About this task:
Copy out the records that follow, leaving every character as it is.

BEGIN Provided records

lemma prod_Var:
  "(\<Prod>l\<in>A. Var (a l) (b l) :: 'a::comm_ring_1 mpoly) = single (\<Sum>l\<in>A. single (a l, b l) 1) 1"
  by (induction A rule: infinite_finite_induct) (simp_all add: Var_def mult_single)

lemma lookup_minor_poly:
  "lookup (minor_poly R C :: 'a::comm_ring_1 mpoly) \<nu> =
    (\<Sum>p | p permutes {..<card R}.
       of_int (sign p) when minor_monomial (sorted_list_of_set R) (sorted_list_of_set C) p (card R) = \<nu>)"
proof -
  have "of_int s * single \<mu> 1 = (single \<mu> (of_int s) :: 'a mpoly)" for s \<mu>
    by (simp only: single_of_int[symmetric] mult_single add_0 mult_1_right)
  then have "lookup (of_int s * single \<mu> 1 :: 'a mpoly) \<nu> = (of_int s when \<mu> = \<nu>)" for s \<mu>
    by (simp add: lookup_single)
  then show ?thesis
    unfolding minor_poly_def Let_def prod_Var lookup_sum minor_monomial_def by simp
qed

lemma lookup_minor_monomial:
  assumes "distinct rs" "k \<le> length rs" "q < k"
  shows "lookup (minor_monomial rs cs p k) (rs ! q, b) = (if cs ! p q = b then 1 else 0)"
proof -
  have "lookup (minor_monomial rs cs p k) (rs ! q, b) = (\<Sum>l<k. if l = q then (if cs ! p q = b then 1 else 0) else 0)"
    unfolding minor_monomial_def lookup_sum lookup_single
    using assms by (intro sum.cong) (auto simp: when_def nth_eq_iff_index_eq)
  then show ?thesis using assms by simp
qed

END Provided records

Your response:
lemma prod_Var:
  "(\<Prod>l\<in>A. Var (a l) (b l) :: 'a::comm_ring_1 mpoly) = single (\<Sum>l\<in>A. single (a l, b l) 1) 1"
  by (induction A rule: infinite_finite_induct) (simp_all add: Var_def mult_single)

lemma lookup_minor_poly:
  "lookup (minor_poly R C :: 'a::comm_ring_1 mpoly) \<nu> =
    (\<Sum>p | p permutes {..<card R}.
       of_int (sign p) when minor_monomial (sorted_list_of_set R) (sorted_list_of_set C) p (card R) = \<nu>)"
proof -
  have "of_int s * single \<mu> 1 = (single \<mu> (of_int s) :: 'a mpoly)" for s \<mu>
    by (simp only: single_of_int[symmetric] mult_single add_0 mult_1_right)
  then have "lookup (of_int s * single \<mu> 1 :: 'a mpoly) \<nu> = (of_int s when \<mu> = \<nu>)" for s \<mu>
    by (simp add: lookup_single)
  then show ?thesis
    unfolding minor_poly_def Let_def prod_Var lookup_sum minor_monomial_def by simp
qed

lemma lookup_minor_monomial:
  assumes "distinct rs" "k \<le> length rs" "q < k"
  shows "lookup (minor_monomial rs cs p k) (rs ! q, b) = (if cs ! p q = b then 1 else 0)"
proof -
  have "lookup (minor_monomial rs cs p k) (rs ! q, b) = (\<Sum>l<k. if l = q then (if cs ! p q = b then 1 else 0) else 0)"
    unfolding minor_monomial_def lookup_sum lookup_single
    using assms by (intro sum.cong) (auto simp: when_def nth_eq_iff_index_eq)
  then show ?thesis using assms by simp
qed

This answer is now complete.